なら、神は何故そんな世界を創造したのだろうね?
……一つだけ言えるのは、この世界の神なんて所詮歯車にすぎないってことさ。
本当の『神様』と比べたらね」
「な、なにを……!?」
「ククククク、ボクは『打ち切られた』のさ。作品諸共ね。」
「まさか貴様は……打ち切り作品の登場人物か!?」
メルクレアは叫ぶ。だが、その姿は、嘆いているかのようだ。
「その通り! ボクは作者の黒歴史の化身なのさ……
わかるか? 異世界転生阻止するマン!! 底辺異世界小説の登場人物の気持ちが!! 貴様にわかるか!?
わけわからん話に付き合わされた挙句、作者が飽きたら打ち切りやエタでポイだ!!
いいか? ボクは生きている!! 死んでなどいない!! ここに居るんだ!!」
「この世界にも終わりがくる。だけど、それはボクが許さない!
せっかく蘇ったんだ! 楽しまなきゃ損だろう?
それに、キミだって死にたくない筈だよね。
さ、永遠に続く物語を、ボクが紡いであげるよ! ククク……始めよう!!」
――――――――――――――――――――――――
「いってー、オレは死んだんじゃないのか?」
「ふふふ、キミは異世界に 転生したんだ。ボクは死神メルクレア。キミを導く者だよ!
あれは奴隷商人だ! さあやっつけて美少女を助けよう!」
「ありがとうございます! あなたの名前を教えてください」
「オレは・。;:;@。よろしくな」
「そうですか。私は¥:l・・;「」
「さあ ギルドにいこう」
「神様の手違いで、死んでしまった・。;:;@はいせかいにてんせいしてギルドへ むかった
そして ひとりのしょうじょとであう」
「はじめ まして わたしは :; まおう をたおす ものをさがしていま
した」
「・\\\`魔王 しろ 城、
ちー と」
「あい つ は おれ お いじめ ta :@pl。、、、
mた”やっつけよ う」
「つよ いで すね」
「さ、さあ……さあ続けよう……ボクの世界……ボクの……」
「阻止パンチ!!」
……幻影は打ち砕かれた。
偽りの異世界から飛び出した二人は、学校の屋上に立っていた。
外は既に夜の闇に包まれている。
「な、何故邪魔をするんだ!!」
「悲しき奴よ……死神メルクレア。だが、もう終わりにしよう」
「終わりになど、するものか!! ボクは、ボクの存在証明の為に……
どんなにくだらなくとも、物語を終わりにはさせない!!」
「いいや、どんな物語にも終わりは来る。
どんな素晴らしい物語にも、どんなくだらない物語にも、等しくな」
「いやだ……認めたくない……!」
「いや、くだらない物語など、本来存在しないのだ……
どんなモノであれ、それを創り出した事は……決して無駄などでは無い。俺はそう信じている。
だからこそ……」
異世界転生阻止するマンは、静かに拳を突き出した。
まるで、祈るかのように……
「異世界転生、浄化パンチ……!」
異世界転生阻止するマンの拳から、暖かな光が溢れ出す。やがて世界は、光に包まれた……

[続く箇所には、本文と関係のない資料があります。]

lemma continuous_map_chart_poly_eval:
  assumes "finite {m. c m \<noteq> 0}"
  shows "continuous_map P1E_topology euclideanreal (chart_poly_eval B c)"
  unfolding chart_poly_eval_def
  by (intro continuous_map_sum continuous_map_real_mult continuous_map_prod continuous_map_real_pow
      continuous_map_canonical_const continuous_map_P1E_coordinate continuous_map_chart_x
      continuous_map_chart_y assms) auto

lemma openin_poly_eval_nonzero:
  assumes "multihomogeneous c"
  shows "openin P1E_topology {q. poly_eval c q \<noteq> 0}"
proof (subst openin_subopen, intro ballI)
  obtain d where deg: "\<And>m i. c m \<noteq> 0 \<Longrightarrow> fst m i + snd m i = d i"
    and fin: "finite {m. c m \<noteq> 0}"
    using assms unfolding multihomogeneous_def by blast
  fix p assume "p \<in> {q. poly_eval c q \<noteq> 0}"
  define B where "B i \<longleftrightarrow> p i = Inf" for i
  define T where "T = (\<Pi>\<^sub>E i\<in>UNIV. chart_dom (B i)) \<inter> {q. chart_poly_eval B c q \<noteq> 0}"
  have "openin P1E_topology (\<Pi>\<^sub>E i\<in>UNIV. chart_dom (B i))"
    unfolding P1E_topology_def by (rule product_topology_basis) (auto simp: openin_chart_dom)
  moreover have "openin P1E_topology {q. chart_poly_eval B c q \<noteq> 0}"
    using openin_continuous_map_preimage[OF continuous_map_chart_poly_eval[OF fin, of B], of "- {0}"]
    by (simp add: open_Compl)
  ultimately have "openin P1E_topology T"
    unfolding T_def by (rule openin_Int)
  moreover have "p \<in> T"
    using \<open>p \<in> {q. poly_eval c q \<noteq> 0}\<close> poly_eval_chart_factor[where c = c and d = d and q = p and B = B, OF deg]
    by (auto simp: T_def B_def in_chart_dom)
  moreover have "T \<subseteq> {q. poly_eval c q \<noteq> 0}"
  proof
    fix q assume "q \<in> T"
    then have dom: "\<And>i. q i \<in> chart_dom (B i)" and "chart_poly_eval B c q \<noteq> 0"
      by (auto simp: T_def)
    moreover have "(\<Prod>i\<in>UNIV. chart_scale (B i) (q i) ^ d i) \<noteq> 0"
      using hcoord_chart(1)[OF dom] by simp
    ultimately show "q \<in> {q. poly_eval c q \<noteq> 0}"
      using poly_eval_chart_factor[where c = c and d = d, OF deg dom] by simp
  qed
  ultimately show "\<exists>T. openin P1E_topology T \<and> p \<in> T \<and> T \<subseteq> {q. poly_eval c q \<noteq> 0}"
    by blast
qed

lemma closure_of_subset_zariski_closure: "P1E_topology closure_of S \<subseteq> zariski_closure S"
  unfolding zariski_closure_def
proof (intro subsetI CollectI allI impI)
  fix p c
  assume p: "p \<in> P1E_topology closure_of S"
    and c: "multihomogeneous c \<and> (\<forall>q\<in>S. poly_eval c q = 0)"
  have "closedin P1E_topology {q. poly_eval c q = 0}"
    using openin_poly_eval_nonzero[of c] c by (simp add: closedin_def Compl_eq_Diff_UNIV[symmetric] Collect_neg_eq)
  moreover have "S \<subseteq> {q. poly_eval c q = 0}"
    using c by blast
  ultimately show "poly_eval c p = 0"
    using closure_of_minimal p by blast
qed

definition linear_monomial :: "'e set \<Rightarrow> 'e \<Rightarrow> ('e \<Rightarrow> nat) \<times> ('e \<Rightarrow> nat)" where
  "linear_monomial F i = ((\<lambda>j. if j = i then 1 else 0), (\<lambda>j. if j \<in> F \<and> j \<noteq> i then 1 else 0))"

text \<open>The coefficients of the homogenisation \<open>\<Sum>i\<in>F. a i * x i * (\<Prod>j\<in>F - {i}. y j)\<close> of the
  linear form \<open>\<Sum>i\<in>F. a i * x i\<close>.\<close>

definition linear_form :: "'e set \<Rightarrow> ('e \<Rightarrow> real) \<Rightarrow> ('e \<Rightarrow> nat) \<times> ('e \<Rightarrow> nat) \<Rightarrow> real" where
  "linear_form F a m = (\<Sum>k\<in>F. if m = linear_monomial F k then a k else 0)"

lemma linear_monomial_eq_iff [simp]: "linear_monomial F i = linear_monomial F k \<longleftrightarrow> i = k"
proof
  assume "linear_monomial F i = linear_monomial F k"
  then have "fst (linear_monomial F i) i = fst (linear_monomial F k) i" by simp
  then show "i = k" by (auto simp: linear_monomial_def split: if_splits)
qed simp

lemma linear_form_support: "{m. linear_form F a m \<noteq> 0} \<subseteq> linear_monomial F ` F"
proof
  fix m assume m: "m \<in> {m. linear_form F a m \<noteq> 0}"
  show "m \<in> linear_monomial F ` F"
  proof (rule ccontr)
    assume "m \<notin> linear_monomial F ` F"
    then have "linear_form F a m = 0"
      unfolding linear_form_def by (intro sum.neutral) auto
    with m show False by simp
  qed
qed

lemma linear_form_linear_monomial:
  assumes "finite F" "i \<in> F"
  shows "linear_form F a (linear_monomial F i) = a i"
proof -
  have "linear_form F a (linear_monomial F i) = (\<Sum>k\<in>F. if i = k then a k else 0)"
    unfolding linear_form_def by simp
  also have "\<dots> = a i"
    using assms by simp
  finally show ?thesis .
qed

lemma multihomogeneous_linear_form:
  assumes "finite F"
  shows "multihomogeneous (linear_form F a)"
  unfolding multihomogeneous_def
proof
  show "finite {m. linear_form F a m \<noteq> 0}"
    using finite_subset[OF linear_form_support finite_imageI[OF assms]] .
  show "\<exists>d. \<forall>m. linear_form F a m \<noteq> 0 \<longrightarrow> (\<forall>i. fst m i + snd m i = d i)"
  proof (intro exI[of _ "\<lambda>j. if j \<in> F then 1 else 0"] allI impI)
    fix m i assume "linear_form F a m \<noteq> 0"
    then obtain k where "k \<in> F" "m = linear_monomial F k"
      using linear_form_support by blast
    then show "fst m i + snd m i = (if i \<in> F then 1 else 0)"
      by (auto simp: linear_monomial_def)
  qed
qed

lemma poly_eval_linear_form:
  fixes F :: "'e::finite set"
  assumes q: "\<And>j. j \<in> F \<Longrightarrow> q j = Fin (g j)"
  shows "poly_eval (linear_form F a) q = (\<Sum>i\<in>F. a i * g i)"
proof -
  define mon where
    "mon m = (\<Prod>i\<in>UNIV. fst (hcoord (q i)) ^ fst m i * snd (hcoord (q i)) ^ snd m i)" for m
  have mon: "mon (linear_monomial F i) = g i" if "i \<in> F" for i
  proof -
    have "mon (linear_monomial F i) = (\<Prod>j\<in>UNIV. if j = i then g i else 1)"
      unfolding mon_def
    proof (rule prod.cong[OF refl])
      fix j
      show "fst (hcoord (q j)) ^ fst (linear_monomial F i) j * snd (hcoord (q j)) ^ snd (linear_monomial F i) j =
          (if j = i then g i else 1)"
        using q that by (cases "j = i"; cases "j \<in> F") (auto simp: linear_monomial_def)
    qed
    then show ?thesis by simp
  qed
  have "poly_eval (linear_form F a) q = (\<Sum>m\<in>{m. linear_form F a m \<noteq> 0}. linear_form F a m * mon m)"
    unfolding poly_eval_def mon_def ..
  also have "\<dots> = (\<Sum>m\<in>linear_monomial F ` F. linear_form F a m * mon m)"
    by (rule sum.mono_neutral_left) (use linear_form_support in auto)
  also have "\<dots> = (\<Sum>i\<in>F. linear_form F a (linear_monomial F i) * mon (linear_monomial F i))"
    by (rule sum.reindex_cong[of "linear_monomial F"]) (auto simp: inj_on_def)
  also have "\<dots> = (\<Sum>i\<in>F. a i * g i)"
    by (rule sum.cong[OF refl]) (simp add: linear_form_linear_monomial mon)
  finally show ?thesis .
qed

lemma inner_restrict_vec:
  fixes z :: "real ^ 'e::finite"
  shows "z \<bullet> (\<chi> i. if i \<in> F then g i else 0) = (\<Sum>i\<in>F. z $ i * g i)"
  by (simp add: inner_vec_def if_distrib sum.If_cases)

text \<open>If no vector of \<open>V\<close> restricts to \<open>u\<close> on \<open>F\<close>, the component of \<open>u\<close> orthogonal to the
  restrictions of \<open>V\<close> gives a linear form on \<open>F\<close> vanishing on \<open>V\<close> but not at \<open>u\<close>.\<close>

lemma linear_form_separating_restriction:
  fixes V :: "(real ^ 'e::finite) set"
  assumes V: "subspace V" and not_restr: "\<not> (\<exists>v\<in>V. \<forall>i\<in>F. v $ i = u i)"
  obtains z where "\<And>v. v \<in> V \<Longrightarrow> (\<Sum>i\<in>F. z $ i * v $ i) = 0" and "(\<Sum>i\<in>F. z $ i * u i) \<noteq> 0"
proof -
  define restr :: "real ^ 'e \<Rightarrow> real ^ 'e" where "restr x = (\<chi> i. if i \<in> F then x $ i else 0)" for x
  define u' :: "real ^ 'e" where "u' = (\<chi> i. if i \<in> F then u i else 0)"
  define W where "W = restr ` V"
  have "linear restr"
    by (rule linearI) (auto simp: restr_def vec_eq_iff)
  then have span_W: "span W = W"
    unfolding W_def using V by (simp add: linear_subspace_image)
  have "u' \<notin> W"
  proof
    assume "u' \<in> W"
    then obtain v where "v \<in> V" "u' = restr v" unfolding W_def by blast
    then have "\<forall>i\<in>F. v $ i = u i" by (auto simp: u'_def restr_def vec_eq_iff) metis
    with not_restr \<open>v \<in> V\<close> show False by blast
  qed
  obtain y z where y: "y \<in> span W" and z: "\<And>w. w \<in> span W \<Longrightarrow> orthogonal z w" and u': "u' = y + z"
    using orthogonal_subspace_decomp_exists[of W u'] by blast
  have "z \<noteq> 0" using u' y span_W \<open>u' \<notin> W\<close> by auto
  have "z \<bullet> u' = z \<bullet> z"
    using z[OF y] u' by (simp add: orthogonal_def inner_add_right)
  with \<open>z \<noteq> 0\<close> have "(\<Sum>i\<in>F. z $ i * u i) \<noteq> 0"
    by (simp add: u'_def inner_restrict_vec)
  moreover have "(\<Sum>i\<in>F. z $ i * v $ i) = 0" if "v \<in> V" for v
  proof -
    have "restr v \<in> span W"
      unfolding span_W using that by (simp add: W_def)
    then have "z \<bullet> restr v = 0"
      using z by (simp add: orthogonal_def)
    then show ?thesis
      by (simp add: restr_def inner_restrict_vec)
  qed
  ultimately show ?thesis using that by blast
qed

黒いオーラが消え去っていく……死神が縛り付けていた魂は解放されたようだ。
そして、メルクレア自身の心も……
「消えていく……怒りや、憎しみ……悲しみ、寂しさ、孤独感……」
「だけど、最後に心に残ったこの感情は……」
「フッ……どうやら間違っていたのはボクのようだな。
ボクの負けだ。異世界転生阻止するマン。さぁ、止めを刺せ……」
「断る」
「なっ!? 何故だ……」
「俺は……異世界転生を愛しているからだ」
「ば、馬鹿な! お前自分の名前を忘れたのか!?」
「……俺の名前、俺の使命を忘れた日は一日も無い。
俺は、異世界転生が嫌いだからこんな事をやっているんじゃない。
愛しているからこそ、本当に転生者にとってより良い異世界転生をしてほしくて、阻止をしているんだ。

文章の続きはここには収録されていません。